→ **TASK ITEM**
Where in the records does the word "ebar" appear? Copy each line that holds it.

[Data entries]
lemma mutual_invasion_forces_tie:
  fixes pi1 pi2 :: "'a::finite \<Rightarrow> 'b::finite \<Rightarrow> real"
  assumes pareto: "pareto_efficient pi1 pi2 (pure a1) (pure a2)"
    and strict: "strict_nash pi1 pi2 a1 a2"
  obtains ebar where "0 < ebar" "ebar < 1"
    "\<And>e1 e2 s1 s2 \<sigma> \<tau>. 0 < e1 \<Longrightarrow> e1 < ebar \<Longrightarrow> 0 < e2 \<Longrightarrow> e2 < ebar \<Longrightarrow>
      mixed s1 \<Longrightarrow> mixed s2 \<Longrightarrow> mixed \<sigma> \<Longrightarrow> mixed \<tau> \<Longrightarrow>
      (1 - e2) * pi1 a1 a2 + e2 * EU pi1 (pure a1) s2 \<le> (1 - e2) * EU pi1 s1 (pure a2) + e2 * EU pi1 \<sigma> \<tau> \<Longrightarrow>
      (1 - e1) * pi2 a1 a2 + e1 * EU pi2 s1 (pure a2) \<le> (1 - e1) * EU pi2 (pure a1) s2 + e1 * EU pi2 \<sigma> \<tau> \<Longrightarrow>
      s1 = pure a1 \<and> s2 = pure a2 \<and> EU pi1 \<sigma> \<tau> = pi1 a1 a2 \<and> EU pi2 \<sigma> \<tau> = pi2 a1 a2"
proof -
  obtain c where c: "0 < c" and gap1: "\<forall>x. x \<noteq> a1 \<longrightarrow> c \<le> pi1 a1 a2 - pi1 x a2"
    and gap2: "\<forall>y. y \<noteq> a2 \<longrightarrow> c \<le> pi2 a1 a2 - pi2 a1 y"
    using strict_nash_uniform_gap[OF strict] .
  obtain R where R: "1 \<le> R" and tradeoff: "\<And>s t. mixed s \<Longrightarrow> mixed t \<Longrightarrow>
      bounded_tradeoff R (EU pi1 s t - pi1 a1 a2) (EU pi2 s t - pi2 a1 a2) \<and>
      bounded_tradeoff R (EU pi2 s t - pi2 a1 a2) (EU pi1 s t - pi1 a1 a2)"
    using pareto_efficient_mutual_tradeoff[OF pareto] by blast
  obtain M where M0: "0 \<le> M" and M: "\<forall>x y. - M \<le> pi1 x y - pi1 a1 a2 \<and> - M \<le> pi2 x y - pi2 a1 a2"
    using finite_payoff_lower_bound .
  define L where "L = R * M + 1"
  have L: "R * M < L" "0 < L"
    unfolding L_def using R M0 by (simp_all add: add_nonneg_pos)
  show thesis
  proof (rule that[of "c / (c + L)"])
    show "0 < c / (c + L)" "c / (c + L) < 1"
      using c L by simp_all
    fix e1 e2 s1 s2 \<sigma> \<tau>
    assume e: "0 < e1" "e1 < c / (c + L)" "0 < e2" "e2 < c / (c + L)"
      and mixed: "mixed s1" "mixed s2" "mixed \<sigma>" "mixed \<tau>"
      and invades1: "(1 - e2) * pi1 a1 a2 + e2 * EU pi1 (pure a1) s2 \<le> (1 - e2) * EU pi1 s1 (pure a2) + e2 * EU pi1 \<sigma> \<tau>"
      and invades2: "(1 - e1) * pi2 a1 a2 + e1 * EU pi2 s1 (pure a2) \<le> (1 - e1) * EU pi2 (pure a1) s2 + e1 * EU pi2 \<sigma> \<tau>"
    have gain1: "L * (1 - s1 a1) - M * (1 - s2 a2) \<le> EU pi1 \<sigma> \<tau> - pi1 a1 a2"
      using M by (intro invasion1_gain_bound[OF c less_imp_le[OF L(2)] e(3,4) gap1 _ mixed(1,2) invades1]) simp
    have gain2: "L * (1 - s2 a2) - M * (1 - s1 a1) \<le> EU pi2 \<sigma> \<tau> - pi2 a1 a2"
      using M by (intro invasion2_gain_bound[OF c less_imp_le[OF L(2)] e(1,2) gap2 _ mixed(1,2) invades2]) simp
    have "1 - s1 a1 = 0 \<and> 1 - s2 a2 = 0"
      using mixed_le_1[OF mixed(1)] mixed_le_1[OF mixed(2)] tradeoff[OF mixed(3,4)]
      by (intro mutual_invasion_forces_pure[OF R M0 L(1) _ _ gain1 gain2]) simp_all
    moreover from this have "\<not> pareto_improvement (EU pi1 \<sigma> \<tau> - pi1 a1 a2) (EU pi2 \<sigma> \<tau> - pi2 a1 a2)"
      using pareto mixed(3,4) unfolding pareto_efficient_pure_iff by blast
    ultimately show "s1 = pure a1 \<and> s2 = pure a2 \<and> EU pi1 \<sigma> \<tau> = pi1 a1 a2 \<and> EU pi2 \<sigma> \<tau> = pi2 a1 a2"
      using mixed_eq_pure[OF mixed(1)] mixed_eq_pure[OF mixed(2)] gain1 gain2
      unfolding pareto_improvement_def by auto
  qed
qed
lemma gradient_derivative_symmetric:
  fixes f :: "'a::real_inner \<Rightarrow> real"
  assumes f_grad: "\<And>x. (f has_derivative (\<lambda>h. grad x \<bullet> h)) (at x)"
    and grad_D: "(grad has_derivative D) (at x)"
  shows "D v \<bullet> u = D u \<bullet> v"
proof (rule ccontr)
  define a where "a = D v \<bullet> u"
  define b where "b = D u \<bullet> v"
  define K where "K = (norm u + norm v)\<^sup>2"
  define e where "e = \<bar>a - b\<bar> / (4 * (K + 1))"
  define S where "S h = second_difference f x (h *\<^sub>R u) (h *\<^sub>R v)" for h
  assume "D v \<bullet> u \<noteq> D u \<bullet> v"
  then have "0 < \<bar>a - b\<bar>" by (simp add: a_def b_def)
  moreover have "0 \<le> K" by (simp add: K_def)
  ultimately have "0 < e" by (simp add: e_def)
  have "\<forall>\<^sub>F h in at_right 0. 0 < h \<and> \<bar>S h - h\<^sup>2 * a\<bar> \<le> e * h\<^sup>2 * K \<and> \<bar>S h - h\<^sup>2 * b\<bar> \<le> e * h\<^sup>2 * K"
    using eventually_at_right_less
      second_difference_estimate[OF f_grad grad_D \<open>0 < e\<close>, of u v]
      second_difference_estimate[OF f_grad grad_D \<open>0 < e\<close>, of v u]
    unfolding S_def a_def b_def K_def
    by eventually_elim (simp add: second_difference_commute add.commute)
  then obtain h where "0 < h" and "\<bar>S h - h\<^sup>2 * a\<bar> \<le> e * h\<^sup>2 * K" "\<bar>S h - h\<^sup>2 * b\<bar> \<le> e * h\<^sup>2 * K"
    using eventually_happens[of _ "at_right (0::real)"] by auto
  then have "\<bar>h\<^sup>2 * (a - b)\<bar> \<le> h\<^sup>2 * (2 * e * K)"
    by (simp add: abs_le_iff algebra_simps)
  then have "\<bar>a - b\<bar> \<le> 2 * e * K"
    using \<open>0 < h\<close> by (simp add: abs_mult)
  also have "\<dots> < \<bar>a - b\<bar>"
    using \<open>0 < \<bar>a - b\<bar>\<close> \<open>0 \<le> K\<close> by (simp add: e_def field_simps add_pos_nonneg)
  finally show False by simp
qed
lemma mult_in_T: "M \<in> T \<Longrightarrow> K \<in> T \<Longrightarrow> xmat_mult X M K \<in> T"
  unfolding terwilliger_alg_def by (rule gen_alg.mult)

lemma lincomb_in_T: "finite S \<Longrightarrow> (\<And>t. t \<in> S \<Longrightarrow> F t \<in> T) \<Longrightarrow> (\<lambda>y z. \<Sum>t\<in>S. c t * F t y z) \<in> T"
  unfolding terwilliger_alg_def by (rule gen_alg_lincomb)

definition all_ones :: "('a, 'f::field) xmat" where
  "all_ones = (\<lambda>y z. \<Sum>b\<le>d. adj_mat R b y z)"

lemma all_ones_in_T: "all_ones \<in> T"
proof -
  have "(\<lambda>y z. \<Sum>b\<le>d. 1 * adj_mat R b y z) \<in> T"
    unfolding terwilliger_alg_def
    using adj_mat_in_T unfolding terwilliger_alg_def by (intro gen_alg_lincomb) auto
  then show ?thesis
    unfolding all_ones_def by simp
qed

lemma all_ones_eq: "y \<in> X \<Longrightarrow> w \<in> X \<Longrightarrow> all_ones y w = (1::'f::field)"
proof -
  assume "y \<in> X" "w \<in> X"
  then obtain b0 where b0: "b0 \<le> d" "(y, w) \<in> R b0"
    using R_cover by blast
  have "adj_mat R b y w = (if b = b0 then 1 else (0::'f))" if "b \<le> d" for b
  proof (cases "b = b0")
    case False
    then have "(y, w) \<notin> R b"
      using R_unique[OF that b0(1) _ b0(2)] by blast
    then show ?thesis
      using False unfolding adj_mat_def by simp
  qed (simp add: adj_mat_def b0(2))
  then have "(\<Sum>b\<le>d. adj_mat R b y w) = (\<Sum>b\<le>d. if b = b0 then 1 else (0::'f))"
    by (intro sum.cong) simp_all
  then show "all_ones y w = (1::'f)"
    unfolding all_ones_def using b0(1) by simp
qed

definition sandwich :: "nat \<Rightarrow> ('a, 'f::field) xmat \<Rightarrow> nat \<Rightarrow> ('a, 'f) xmat" where
  "sandwich a M c = xmat_mult X (xmat_mult X (dual_idem R x a) M) (dual_idem R x c)"

lemma sandwich_in_T: "a \<le> d \<Longrightarrow> c \<le> d \<Longrightarrow> M \<in> T \<Longrightarrow> sandwich a M c \<in> T"
  unfolding sandwich_def by (intro mult_in_T dual_idem_in_T)

lemma xmat_apply_sandwich:
  assumes "a \<le> d" "c \<le> d"
  shows "xmat_apply X (sandwich a M c) f y = (if y \<in> nbhd a then \<Sum>w\<in>nbhd c. M y w * f w else 0)"
proof -
  have "xmat_apply X M (xmat_apply X (dual_idem R x c) f) y = (\<Sum>w\<in>nbhd c. M y w * f w)"
    unfolding xmat_apply_def[of X M] xmat_apply_dual_idem[OF assms(2)]
    using nbhd_subset[OF assms(2)] finite_X by (simp add: if_distrib[of "(*) _"] sum.If_cases Int_absorb1)
  then show ?thesis
    unfolding sandwich_def xmat_apply_mult xmat_apply_dual_idem[OF assms(1)] by simp
qed

definition primary_unit :: "nat \<Rightarrow> nat \<Rightarrow> ('a, 'f::field) xmat" where
  "primary_unit i j = (\<lambda>y z. (1 / of_nat (card (nbhd j))) * sandwich i all_ones j y z)"

lemma primary_unit_in_T: "i \<le> d \<Longrightarrow> j \<le> d \<Longrightarrow> primary_unit i j \<in> T"
  unfolding primary_unit_def by (intro smult_in_T sandwich_in_T all_ones_in_T)

lemma xmat_apply_primary_unit:
  assumes "i \<le> d" "j \<le> d"
  shows "xmat_apply X (primary_unit i j) f y
    = (if y \<in> nbhd i then (\<Sum>w\<in>nbhd j. f w) / of_nat (card (nbhd j)) else 0)"
  using nbhd_subset[OF assms(1)] nbhd_subset[OF assms(2)]
  unfolding primary_unit_def xmat_apply_smult xmat_apply_sandwich[OF assms]
  by (auto simp: all_ones_eq subset_iff cong: sum.cong)

lemma block_repr_primary_unit:
  assumes two: "(2::'f::field) \<noteq> 0" and "i \<le> d" "j \<le> d"
  shows "block_repr (primary_unit i j :: ('a, 'f) xmat) = block_unit (None, i, j)"
proof (intro ext)
  fix k i' j'
  have "card (nbhd j) = 1 \<or> card (nbhd j) = 2"
    using card_nbhd_cases[OF assms(3)] mem_A2_iff by blast
  then have card_nz: "(of_nat (card (nbhd j)) :: 'f) \<noteq> 0"
    using two by auto
  have rep: "nbhd_rep i' \<in> nbhd i \<longleftrightarrow> i' = i" if "i' \<le> d" for i'
    using nbhd_rep_mem[OF that] nbhd_unique[OF that assms(2)] nbhd_rep_mem[OF assms(2)] by blast
  show "block_repr (primary_unit i j :: ('a, 'f) xmat) k i' j' = block_unit (None, i, j) k i' j'"
  proof (cases k)
    case None
    then show ?thesis
      using card_nz rep assms(2,3)
      by (auto simp: block_repr_None block_unit_def xmat_apply_primary_unit[OF assms(2,3)]
          sum_nbhd_ind[OF assms(3)])
  next
    case (Some C)
    have "class_enum C j' \<in> A\<^sub>2" if "C \<in> classes" "j' < card C"
      using class_enum_mem[OF that] class_subset[OF that(1)] by blast
    then show ?thesis
      using Some by (auto simp: block_repr_Some block_unit_def xmat_apply_primary_unit[OF assms(2,3)]
          sum_nbhd_diff[OF _ assms(3)])
  qed
qed

definition transports :: "'f::field \<Rightarrow> nat \<Rightarrow> nat \<Rightarrow> ('a, 'f) xmat \<Rightarrow> bool" where
  "transports s a c M \<longleftrightarrow> a \<in> A\<^sub>2 \<and> c \<in> A\<^sub>2 \<and> M \<in> T \<and> (\<forall>l\<le>d. xmat_apply X M (nbhd_ind l) = (\<lambda>y. 0)) \<and>
     (\<forall>e\<in>A\<^sub>2. xmat_apply X M (nbhd_diff e) = (if e = c then (\<lambda>y. s * nbhd_diff a y) else (\<lambda>y. 0)))"

lemma transports_mult:
  assumes M: "transports s a c M" and K: "transports t c e K"
  shows "transports (s * t) a e (xmat_mult X M K)"
  unfolding transports_def
proof (intro conjI allI impI ballI)
  show "a \<in> A\<^sub>2" "e \<in> A\<^sub>2"
    using assms unfolding transports_def by blast+
  show "xmat_mult X M K \<in> T"
    using assms unfolding transports_def by (blast intro: mult_in_T)
  show "xmat_apply X (xmat_mult X M K) (nbhd_ind l) = (\<lambda>y. 0)" if "l \<le> d" for l
    using K that unfolding transports_def by (simp add: xmat_apply_mult xmat_apply_zero)
  show "xmat_apply X (xmat_mult X M K) (nbhd_diff e') =
      (if e' = e then (\<lambda>y. s * t * nbhd_diff a y) else (\<lambda>y. 0))" if "e' \<in> A\<^sub>2" for e'
  proof (cases "e' = e")
    case True
    have "c \<in> A\<^sub>2"
      using K unfolding transports_def by blast
    then show ?thesis
      using True M K that unfolding transports_def
      by (simp add: xmat_apply_mult xmat_apply_scale mult_ac)
  next
    case False
    then show ?thesis
      using K that unfolding transports_def by (simp add: xmat_apply_mult xmat_apply_zero)
  qed
qed
(* Let $T>0$ and let $d_M,d_I:\mathbb{R}\to(0,\infty)$, $D_I:\mathbb{R}\to[0,\infty)$, $\tau:\mathbb{R}\to(0,\infty)$, $p:\mathbb{R}\to[0,\infty)$ be $C^1$ and $T$-periodic, and let $h\in C^1([0,\infty);[0,\infty))$. Assume: (a) there are numbers $0<\alpha\le\beta<t_\alpha\le t_\beta<T$ with $t_\alpha-\tau(t_\alpha)=\alpha$, $t_\beta-\tau(t_\beta)=\beta$, and $p(t)=0$ for $t\in[0,\alpha]\cup[\beta,T]$; (b) $\tau'(t)<1$ for all $t\in\mathbb{R}$; (c) $h(0)=0$, $\lim_{z\to+\infty}h(z)=0$, and there is $z^*>0$ such that $h$ is increasing on $[0,z^* )$ and decreasing on $[z^*,+\infty)$; (d) $h(\lambda z)\ge\lambda h(z)$ for all $z\ge0$, $\lambda\in(0,1)$. Define $\overline{k}_M(t,s)=e^{-\int_s^t d_M(\omega)d\omega}$, $\varepsilon(s)=e^{-\int_{s-\tau(s)}^{s}d_I(\omega)d\omega}$, $g(s)=(1-\tau'(s))\varepsilon(s)p(s-\tau(s))$, and the map $\overline{Q}:[0,\infty)\to[0,\infty)$, $$\overline{Q}[z]=z\,\overline{k}_M(T,0)+\int_{t_\alpha}^{t_\beta}\overline{k}_M(T,s)\,g(s)\,h\big(z\,\overline{k}_M(s-\tau(s),0)\big)\,ds,$$ and the number $$L=\frac{\overline{k}_M(T,0)}{1-\overline{k}_M(T,0)}\int_{t_\alpha}^{t_\beta}\frac{g(s)h'(0)}{\overline{k}_M(s,s-\tau(s))}\,ds.$$ Then: (i) If $L>1$, then $\overline{Q}$ admits at least one positive fixed point; denoting the minimal positive fixed point by $u^*$, one has $\lim_{n\to\infty}\overline{Q}^n[u]=u^*$ provided that $u\in(0,u^*]$ and $u^*\,\overline{k}_M(\alpha,0)\le z^*$. (ii) If $L<1$, then $\lim_{n\to\infty}\overline{Q}^n[u]=0$ for every $u\ge0$.
   Context: $\overline{Q}$ is the restriction to constant functions of the yearly (time-$T$) map of the mature-population equation of a stage-structured reaction–diffusion model with periodic maturation delay $\tau(t)$, birth rate $b(t,u)=p(t)h(u)$, breeding season $[\alpha,\beta]$ and maturation season $[t_\alpha,t_\beta]$. $\overline{Q}^n$ denotes the $n$-th iterate. *)

theory Defs
  imports "HOL-Analysis.Analysis"
begin

definition oint :: "real \<Rightarrow> real \<Rightarrow> (real \<Rightarrow> real) \<Rightarrow> real" where
  "oint a b f = (if a \<le> b then integral {a..b} f else - integral {b..a} f)"

definition kM :: "(real \<Rightarrow> real) \<Rightarrow> real \<Rightarrow> real \<Rightarrow> real" where
  "kM dM t s = exp (- oint s t dM)"

definition epsI :: "(real \<Rightarrow> real) \<Rightarrow> (real \<Rightarrow> real) \<Rightarrow> real \<Rightarrow> real" where
  "epsI dI tau s = exp (- oint (s - tau s) s dI)"

definition gfun :: "(real \<Rightarrow> real) \<Rightarrow> (real \<Rightarrow> real) \<Rightarrow> (real \<Rightarrow> real) \<Rightarrow> (real \<Rightarrow> real) \<Rightarrow> real \<Rightarrow> real" where
  "gfun dI tau tau' p s = (1 - tau' s) * epsI dI tau s * p (s - tau s)"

→ **RESULT BELOW**
  obtains ebar where "0 < ebar" "ebar < 1"
    "\<And>e1 e2 s1 s2 \<sigma> \<tau>. 0 < e1 \<Longrightarrow> e1 < ebar \<Longrightarrow> 0 < e2 \<Longrightarrow> e2 < ebar \<Longrightarrow>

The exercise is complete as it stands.